→ **Your goal**: Can you restate the lines of the entries below, word for word, from the first one through the line that includes "i)) = bform"?

→ **Data for processing**:
□ □ □ □ □
lemma sine_product_kernel:
  "bform n (cycle_form n) (\<lambda>i. sine_product n a b i) v = 0"
  "bform n (cycle_form n) v (\<lambda>i. sine_product n a b i) = 0"
proof -
  have "bform n (cycle_form n) (\<lambda>i. sine_line a b (p i)) v = 0"
    "bform n (cycle_form n) v (\<lambda>i. sine_line a b (p i)) = 0"
    using descends_cycle_form affine_sine_line unfolding descends_def by blast+
  moreover have "bform n (cycle_form n) (\<lambda>i. sine_line a b (p i)) v = bform n (cycle_form n) (\<lambda>i. sine_product n a b i) v"
    "bform n (cycle_form n) v (\<lambda>i. sine_line a b (p i)) = bform n (cycle_form n) v (\<lambda>i. sine_product n a b i)"
    by (intro bform_cong; simp add: sine_line_p)+
  ultimately show "bform n (cycle_form n) (\<lambda>i. sine_product n a b i) v = 0"
    "bform n (cycle_form n) v (\<lambda>i. sine_product n a b i) = 0"
    by simp_all
qed

lemma bform_outer_arc:
  "bform n (cycle_form n) (outer_arc n a b) v = bform n (cycle_form n) (inner_arc n a b) v"
proof -
  have "outer_arc n a b = (\<lambda>i. inner_arc n a b i - sine_product n a b i)"
    by (simp add: outer_arc_eq fun_eq_iff)
  then show ?thesis
    by (simp add: bform_diff_left sine_product_kernel)
qed

lemma affine_fun_vanishing_on_diagonal:
  assumes l: "affine_fun l" "\<exists>x. l x \<noteq> 0" "l (p a) = 0" "l (p b) = 0"
    and ab: "1 \<le> a" "a + 1 < b" "b \<le> n"
  obtains \<kappa> where "\<kappa> \<noteq> 0" "\<And>i. i \<in> {1..n} \<Longrightarrow> l (p i) = \<kappa> * sine_product n a b i"
proof -
  have in_range: "a \<in> {1..n}" "b \<in> {1..n}" "a + 1 \<in> {1..n}"
    using ab by auto
  have "p a \<noteq> p b"
    using p_distinct in_range ab by simp
  moreover have "sine_line a b (p a) = 0" "sine_line a b (p b) = 0"
    using in_range by (simp_all add: sine_line_p sine_product_def)
  moreover have "sine_line a b (p (a + 1)) \<noteq> 0"
    using in_range sine_product_neg[of a "a + 1" b n] ab by (simp add: sine_line_p)
  ultimately have proportional: "l x = l (p (a + 1)) / sine_line a b (p (a + 1)) * sine_line a b x" for x
    using affine_fun_proportional[OF l(1) affine_sine_line] l(3,4) by blast
  show ?thesis
  proof (rule that)
    show "l (p (a + 1)) / sine_line a b (p (a + 1)) \<noteq> 0"
      using proportional l(2) by force
    show "l (p i) = l (p (a + 1)) / sine_line a b (p (a + 1)) * sine_product n a b i" if "i \<in> {1..n}" for i
      using proportional[of "p i"] that by (simp add: sine_line_p)
  qed
qed

text \<open>Up to the factor |\<kappa>|, psi p l is inner_arc when \<kappa> > 0 and outer_arc when \<kappa> < 0;
  the two differ by the sine product, which lies in the kernel of the form.\<close>
lemma bform_psi_left:
  assumes "\<kappa> \<noteq> 0" and l: "\<And>i. i \<in> {1..n} \<Longrightarrow> l (p i) = \<kappa> * sine_product n a b i"
  shows "bform n (cycle_form n) (psi p l) v = \<bar>\<kappa>\<bar> * bform n (cycle_form n) (inner_arc n a b) v"
proof (cases "\<kappa> > 0")
  case True
  then have "bform n (cycle_form n) (psi p l) v = bform n (cycle_form n) (\<lambda>i. \<kappa> * inner_arc n a b i) v"
    by (intro bform_cong) (auto simp: psi_def l inner_arc_def min_def mult_le_0_iff)
  then show ?thesis
    using True by (simp add: bform_scale_left)
next
  case False
  then have neg: "\<kappa> < 0"
    using assms(1) by simp
  then have "bform n (cycle_form n) (psi p l) v = bform n (cycle_form n) (\<lambda>i. - \<kappa> * outer_arc n a b i) v"
    by (intro bform_cong) (auto simp: psi_def l outer_arc_def min_def mult_le_0_iff)
  also have "\<dots> = - \<kappa> * bform n (cycle_form n) (outer_arc n a b) v"
    by (rule bform_scale_left)
  also have "\<dots> = - \<kappa> * bform n (cycle_form n) (inner_arc n a b) v"
    by (simp add: bform_outer_arc)
  finally show ?thesis
    using neg by simp
qed

lemma bform_psi_right:
  assumes "\<kappa> \<noteq> 0" and "\<And>i. i \<in> {1..n} \<Longrightarrow> l (p i) = \<kappa> * sine_product n a b i"
  shows "bform n (cycle_form n) v (psi p l) = \<bar>\<kappa>\<bar> * bform n (cycle_form n) v (inner_arc n a b)"
  using bform_psi_left[OF assms] by (simp add: bform_sym[of "cycle_form n"] cycle_form_sym)

lemma interleaved_diagonals_cross:
  assumes "1 \<le> a" "a < a'" "a' < b" "b < b'" "b' \<le> n"
  shows "crosses n p {a, b} {a', b'}"
proof -
  have range: "a \<in> {1..n}" "b \<in> {1..n}" "a' \<in> {1..n}" "b' \<in> {1..n}"
    using assms by auto
  let ?g = "sine_line (real a) (real b)" and ?h = "sine_line (real a') (real b')"
  have g: "?g (p a) = 0" "?g (p b) = 0" "?g (p a') * ?g (p b') < 0"
    using range sine_product_neg[of a a' b n] sine_product_pos[of b' a b n] assms
    by (simp_all add: sine_line_p sine_product_def mult_neg_pos)
  have h: "?h (p a') = 0" "?h (p b') = 0" "?h (p a) * ?h (p b) < 0"
    using range sine_product_pos[of a a' b' n] sine_product_neg[of a' b b' n] assms
    by (simp_all add: sine_line_p sine_product_def mult_pos_neg)
  obtain x where x: "x \<in> open_segment (p a) (p b)" "x \<in> open_segment (p a') (p b')"
    using open_segments_meet[OF affine_sine_line g affine_sine_line h] by blast
  have "\<not> collinear {p a, p a', p b}"
  proof
    assume "collinear {p a, p a', p b}"
    moreover have "p a \<noteq> p b"
      using p_distinct range assms by simp
    ultimately obtain u where "p a' = u *\<^sub>R p a + (1 - u) *\<^sub>R p b"
      using collinear_3_expand[of "p a" "p a'" "p b"] by blast
    then have "?g (p a') = 0"
      using affine_fun_convex_comb[OF affine_sine_line, where u = "1 - u" and x = "p a" and y = "p b"] g(1,2)
      by simp
    then show False
      using g(3) by simp
  qed
  then have "x \<in> interior (convex hull {p a, p b, p a', p b'})"
    using open_segments_meet_in_interior[OF x] by blast
  moreover have "convex hull {p a, p b, p a', p b'} \<subseteq> convex hull (p ` {1..n})"
    using range by (intro hull_mono) auto
  ultimately have "x \<in> interior (convex hull (p ` {1..n}))"
    using interior_mono by blast
  moreover have "x \<in> diag_seg p {a, b}" "x \<in> diag_seg p {a', b'}"
    using x unfolding diag_seg_def by (blast intro: open_closed_segment)+
  moreover have "{a, b} \<noteq> {a', b'}"
    using assms by auto
  ultimately show ?thesis
    unfolding crosses_def by blast
qed

text \<open>In the nested case inner_arc a b is replaced by outer_arc a b, which vanishes on the
  whole arc from a to b and pairs in the same way.\<close>
lemma inner_arcs_pos_ordered:
  assumes ab: "1 \<le> a" "a + 1 < b" "b \<le> n" "\<not> (a = 1 \<and> b = n)"
    and ab': "1 \<le> a'" "a' + 1 < b'" "b' \<le> n"
    and order: "a < a' \<or> a = a' \<and> b' \<le> b"
    and not_interleaved: "\<not> (a < a' \<and> a' < b \<and> b < b')"
  shows "bform n (cycle_form n) (inner_arc n a b) (inner_arc n a' b') > 0"
proof (cases "b \<le> a'")
  case True
  show ?thesis
  proof (rule cycle_form_pos_inner_arc[OF n_ge_3 ab'])
    show "sum (inner_arc n a b) {1..n} < 0"
      using ab by (intro sum_inner_arc_neg)
    show "inner_arc n a b k = 0" if "a' \<le> k" "k \<le> b'" for k
      using that True ab ab' by (intro inner_arc_eq_0) auto
  qed
next
  case False
  then have nested: "a \<le> a'" "b' \<le> b"
    using order not_interleaved by auto
  have "bform n (cycle_form n) (outer_arc n a b) (inner_arc n a' b') > 0"
  proof (rule cycle_form_pos_inner_arc[OF n_ge_3 ab'])
    show "sum (outer_arc n a b) {1..n} < 0"
      using ab by (intro sum_outer_arc_neg) auto
    show "outer_arc n a b k = 0" if "a' \<le> k" "k \<le> b'" for k
      using that nested ab by (intro outer_arc_eq_0) auto
  qed
  then show ?thesis
    by (simp add: bform_outer_arc)
qed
□ □ □ □ □
→ **Expected output**:
lemma sine_product_kernel:
  "bform n (cycle_form n) (\<lambda>i. sine_product n a b i) v = 0"
  "bform n (cycle_form n) v (\<lambda>i. sine_product n a b i) = 0"
proof -
  have "bform n (cycle_form n) (\<lambda>i. sine_line a b (p i)) v = 0"
    "bform n (cycle_form n) v (\<lambda>i. sine_line a b (p i)) = 0"
    using descends_cycle_form affine_sine_line unfolding descends_def by blast+
  moreover have "bform n (cycle_form n) (\<lambda>i. sine_line a b (p i)) v = bform n (cycle_form n) (\<lambda>i. sine_product n a b i) v"
    "bform n (cycle_form n) v (\<lambda>i. sine_line a b (p i)) = bform n (cycle_form n) v (\<lambda>i. sine_product n a b i)"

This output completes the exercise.